» **Task item**
Compute how many lines in the entries below contain "longleftrightarrow", and output nothing but the number.

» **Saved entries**
(* Let $Y$ be a complex Banach space, $U:\mathcal B(\mathcal H)\to Y$ a non-null bounded linear operator with $\|U\|<\lambda$, $1\le p<\infty$, and $Z=(\mathbb C^n,\|\cdot\|)$ a Banach space whose canonical basis is normalized $1$-unconditional. Then for every $n$, $$\frac{R_\lambda(\mathbb D,p,U)}{n}\le AP_\lambda(B_Z,p,U)\le\|Id:Z\to\ell_1^n\|\frac{R_\lambda(\mathbb D,p,U)}{n^{1/p}}.$$
   Context: $\mathcal B(\mathcal H)$: bounded operators on a complex Hilbert space; $\mathbb D$ the open unit disc. For a simply connected complete Reinhardt domain $\Omega\subset\mathbb C^k$, bounded pluriharmonic $f:\Omega\to\mathcal B(\mathcal H)$ are written $f(z)=\sum_\alpha a_\alpha z^\alpha+\sum_{|\alpha|\ge1}b_\alpha^*\bar z^\alpha$ ($b_0=0$), $\|f\|_\Omega=\sup\|f(z)\|$. $R_\lambda(\Omega,p,U)$: supremum of $r\ge0$ with $\sup_{z\in r\Omega}\sum_\alpha(\|U(a_\alpha)\|^p+\|U(b_\alpha)\|^p)|z^\alpha|^p\le\lambda^p\|f\|_\Omega^p$ for all such $f$. $AP_\lambda(\Omega,p,U)$: supremum of $\frac1k\sum_{i=1}^kr_i$ over $r\in\mathbb R^k_{\ge0}$ with $\sum_\alpha(\|U(a_\alpha)\|^p+\|U(b_\alpha)\|^p)r^{p\alpha}\le\lambda^p\|f\|_\Omega^p$ for all such $f$. $B_Z$ open unit ball of $Z$. *)

theory Defs
  imports "HOL-Analysis.Analysis"
begin

(* A complex Hilbert space H is modelled as a real Hilbert space 'h with an orthogonal
   complex structure J (multiplication by i): J o J = -id, <Jx,Jy> = <x,y>.
   Then <x,y>_C = <x,y> + i <x,Jy> makes 'h a complex Hilbert space, and every complex
   Hilbert space arises this way. *)
definition hilbert_cstruct :: "('h::{real_inner,complete_space} \<Rightarrow>\<^sub>L 'h) \<Rightarrow> bool" where
  "hilbert_cstruct J \<longleftrightarrow> J o\<^sub>L J = - id_blinfun \<and> (\<forall>x y. inner (J x) (J y) = inner x y)"

(* B(H): bounded complex-linear operators = bounded real-linear operators commuting with J *)
definition Bop :: "('h::real_normed_vector \<Rightarrow>\<^sub>L 'h) \<Rightarrow> ('h \<Rightarrow>\<^sub>L 'h) set" where
  "Bop J = {T. T o\<^sub>L J = J o\<^sub>L T}"

definition cscale :: "('h::real_normed_vector \<Rightarrow>\<^sub>L 'h) \<Rightarrow> complex \<Rightarrow> ('h \<Rightarrow>\<^sub>L 'h) \<Rightarrow> ('h \<Rightarrow>\<^sub>L 'h)" where
  "cscale J c T = Re c *\<^sub>R T + Im c *\<^sub>R (J o\<^sub>L T)"

(* Hilbert-space adjoint (for J-commuting operators the real and complex adjoints agree) *)
definition hadj :: "('h::{real_inner,complete_space} \<Rightarrow>\<^sub>L 'h) \<Rightarrow> ('h \<Rightarrow>\<^sub>L 'h)" where
  "hadj T = (THE S :: 'h \<Rightarrow>\<^sub>L 'h. \<forall>x y. inner (T x) y = inner x (S y))"

(* A complex Banach space Y is a real Banach space 'y with a complex structure Jy such that
   c*y := Re c * y + Im c * Jy y satisfies ||c y|| = |c| ||y|| *)
definition banach_cstruct :: "('y::banach \<Rightarrow> 'y) \<Rightarrow> bool" where
  "banach_cstruct Jy \<longleftrightarrow> linear Jy \<and> (\<forall>x. Jy (Jy x) = - x) \<and>
     (\<forall>c x. norm (Re c *\<^sub>R x + Im c *\<^sub>R Jy x) = cmod c * norm x)"

definition cscaleY :: "('y::real_normed_vector \<Rightarrow> 'y) \<Rightarrow> complex \<Rightarrow> 'y \<Rightarrow> 'y" where
  "cscaleY Jy c y = Re c *\<^sub>R y + Im c *\<^sub>R Jy y"

definition bounded_clinear_U ::
  "('h::{real_inner,complete_space} \<Rightarrow>\<^sub>L 'h) \<Rightarrow> ('y::banach \<Rightarrow> 'y) \<Rightarrow> (('h \<Rightarrow>\<^sub>L 'h) \<Rightarrow> 'y) \<Rightarrow> bool" where
  "bounded_clinear_U J Jy U \<longleftrightarrow>
     (\<forall>S\<in>Bop J. \<forall>T\<in>Bop J. U (S + T) = U S + U T) \<and>
     (\<forall>c. \<forall>T\<in>Bop J. U (cscale J c T) = cscaleY Jy c (U T)) \<and>
     (\<exists>K. \<forall>T\<in>Bop J. norm (U T) \<le> K * norm T)"

definition opnorm_U :: "('h::{real_inner,complete_space} \<Rightarrow>\<^sub>L 'h) \<Rightarrow> (('h \<Rightarrow>\<^sub>L 'h) \<Rightarrow> 'y::banach) \<Rightarrow> real" where
  "opnorm_U J U = Sup {norm (U T) | T. T \<in> Bop J \<and> norm T \<le> 1}"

» **Answer section**
3